Viering 23 en 24 juni
Voorganger: Gepke Kerssen
za: cantor: Gerard v.d Weijer
zo: Melodiek o.l.v. Marcel v.d. Maeden
Openingslied: za.: hier wordt een huis / zo.: wees hier aanwezig;
Inleiding: Als je iets heel ernstigs overkomt of als je meerdere klappen tegelijk krijgt, dan roep je uit: Waarom overkomt mij dit? En anders vragen anderen het zich wel af hoe het zo ver heeft kunnen komen: straf van god, zeggen vrienden van Job. Niet zo veel ander is wat je hoort van mensen van nu: had je maar niet….zeggen. Of misschien heeft het een bedoeling. Kun je er iets van leren. We gaan vandaag luisteren naar het verhaal van Job, dat voor veel mensen een troost is geweest.
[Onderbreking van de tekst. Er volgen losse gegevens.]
(* A composition with at most L parts is right-aligned in L rows and encoded by its
   height function (heights); t_1 then starts the bottommost empty row and t_i (i >= 2) extends
   the topmost row of length i - 1 (add_box, run_word).  With L = length beta, p and g the height
   functions of alpha and beta, w(alpha) = beta iff w runs from p to g, and row r + 1 of
   beta//alpha consists of the columns p r < j <= g r.

   A run uses the letter j once for every box of column j (run_word_count).  Runs of weakly
   increasing words are characterized by the invariant sweep_inv; in a strictly decreasing word
   the letter j moves the unique row crossing column j.

   A reverse hookword with these letter counts is determined by the set
   D of letters of its decreasing part (hook_word D).  Using the nc border strip conditions one
   shows that hook_word D runs from p to g iff D contains all spanning columns (some row has boxes
   in columns j and j + 1) and otherwise only NE columns; so there are 2^|NE| such words. *)

(* Height functions: h r is the length of row r (rows counted from 0 at the top, only rows
   r < L are used).  add_box L i h is the operator t_i on height functions: t_1 starts the
   bottommost empty row, t_i for i >= 2 extends the topmost row of length i - 1. *)
definition add_box :: "nat \<Rightarrow> nat \<Rightarrow> (nat \<Rightarrow> nat) \<Rightarrow> (nat \<Rightarrow> nat) option" where
 "add_box L i h = (if i = 1 then (if \<exists>r<L. h r = 0 then Some (h((GREATEST r. r<L \<and> h r = 0) := 1)) else None)
   else if 2 \<le> i \<and> (\<exists>r<L. h r = i - 1) then Some (h((LEAST r. r<L \<and> h r = i - 1) := i)) else None)"

definition run_word :: "nat \<Rightarrow> nat list \<Rightarrow> (nat \<Rightarrow> nat) \<Rightarrow> (nat \<Rightarrow> nat) option" where
 "run_word L w h = foldr (\<lambda>i r. Option.bind r (add_box L i)) w (Some h)"

lemma run_word_Nil[simp]: "run_word L [] h = Some h"
  by (simp add: run_word_def)

lemma run_word_Cons[simp]: "run_word L (i#w) h = Option.bind (run_word L w h) (add_box L i)"
  by (simp add: run_word_def)

lemma foldr_None: "foldr (\<lambda>i r. Option.bind r (add_box L i)) u None = None"
  by (induction u) auto

lemma run_word_append: "run_word L (u@v) h = Option.bind (run_word L v h) (run_word L u)"
proof (cases "run_word L v h")
  case None
  then show ?thesis by (simp add: run_word_def foldr_None)
next
  case (Some a)
  then show ?thesis by (simp add: run_word_def)
qed

lemma add_box_SomeD:
  assumes "add_box L i h = Some h'"
  shows "\<exists>y<L. h y = i - 1 \<and> 1 \<le> i \<and> h' = h(y := i) \<and>
     (i = 1 \<longrightarrow> (\<forall>r<L. h r = 0 \<longrightarrow> r \<le> y)) \<and> (2 \<le> i \<longrightarrow> (\<forall>r<L. h r = i-1 \<longrightarrow> y \<le> r))"
proof (cases "i = 1")
  case True
  then have ex: "\<exists>r<L. h r = 0" and h': "h' = h((GREATEST r. r<L \<and> h r = 0) := 1)"
    using assms by (auto simp: add_box_def split: if_splits)
  define y where "y = (GREATEST r. r<L \<and> h r = 0)"
  from ex obtain r0 where r0: "r0 < L" "h r0 = 0" by blast
  have P: "y < L \<and> h y = 0" unfolding y_def
    by (rule GreatestI_nat[of _ r0 L]) (use r0 in auto)
  have "\<forall>r<L. h r = 0 \<longrightarrow> r \<le> y" unfolding y_def
    by (auto intro: Greatest_le_nat[of _ _ L])
  then show ?thesis using P True h' y_def by auto
next
  case False
  then have i2: "2 \<le> i" and ex: "\<exists>r<L. h r = i - 1" and h': "h' = h((LEAST r. r<L \<and> h r = i - 1) := i)"
    using assms by (auto simp: add_box_def split: if_splits)
  define y where "y = (LEAST r. r<L \<and> h r = i - 1)"
  have P: "y < L \<and> h y = i - 1" unfolding y_def by (rule LeastI_ex) (use ex in auto)
  have "\<forall>r<L. h r = i - 1 \<longrightarrow> y \<le> r" unfolding y_def by (auto intro: Least_le)
  then show ?thesis using P i2 h' y_def by auto
qed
Openingsgebed:Zo veel vragen zo veel onrust in ons laat u vinden, God Stem ons af op uw stem, stem ons af op uw stilte schenk ons uw levensadem wij wachten op U vol hoop Amen
Lied: za.: hoe is uw naam;
zo.: Alles wacht op u vol hoopLezen: Job 1: 1-5
In het land Us woonde een man die Job heette. Hij was rechtschapen en onberispelijk, hij had ontzag voor God en meed het kwaad. Job had zeven zonen en drie dochters. Hij bezat zevenduizend schapen en geiten, drieduizend kamelen, vijfhonderd span runderen, vijfhonderd ezelinnen en een groot aantal slaven en slavinnen. Hij was de aanzienlijkste man van het Oosten. Zijn zonen hadden de gewoonte om de beurt een feest te geven, ieder in zijn eigen huis, en nodigden dan hun drie zusters uit om bij hen te komen eten en drinken. Nadat elk van zijn zonen zo’n feest had gegeven, liet Job hen bij zich komen voor een reinigingsritueel. Hij stond dan ’s ochtends vroeg op om voor elk van hen een offer te brengen, want hij dacht bij zichzelf: Misschien hebben mijn kinderen wel gezondigd en God in hun hart vervloekt. Job deed dit telkens weer.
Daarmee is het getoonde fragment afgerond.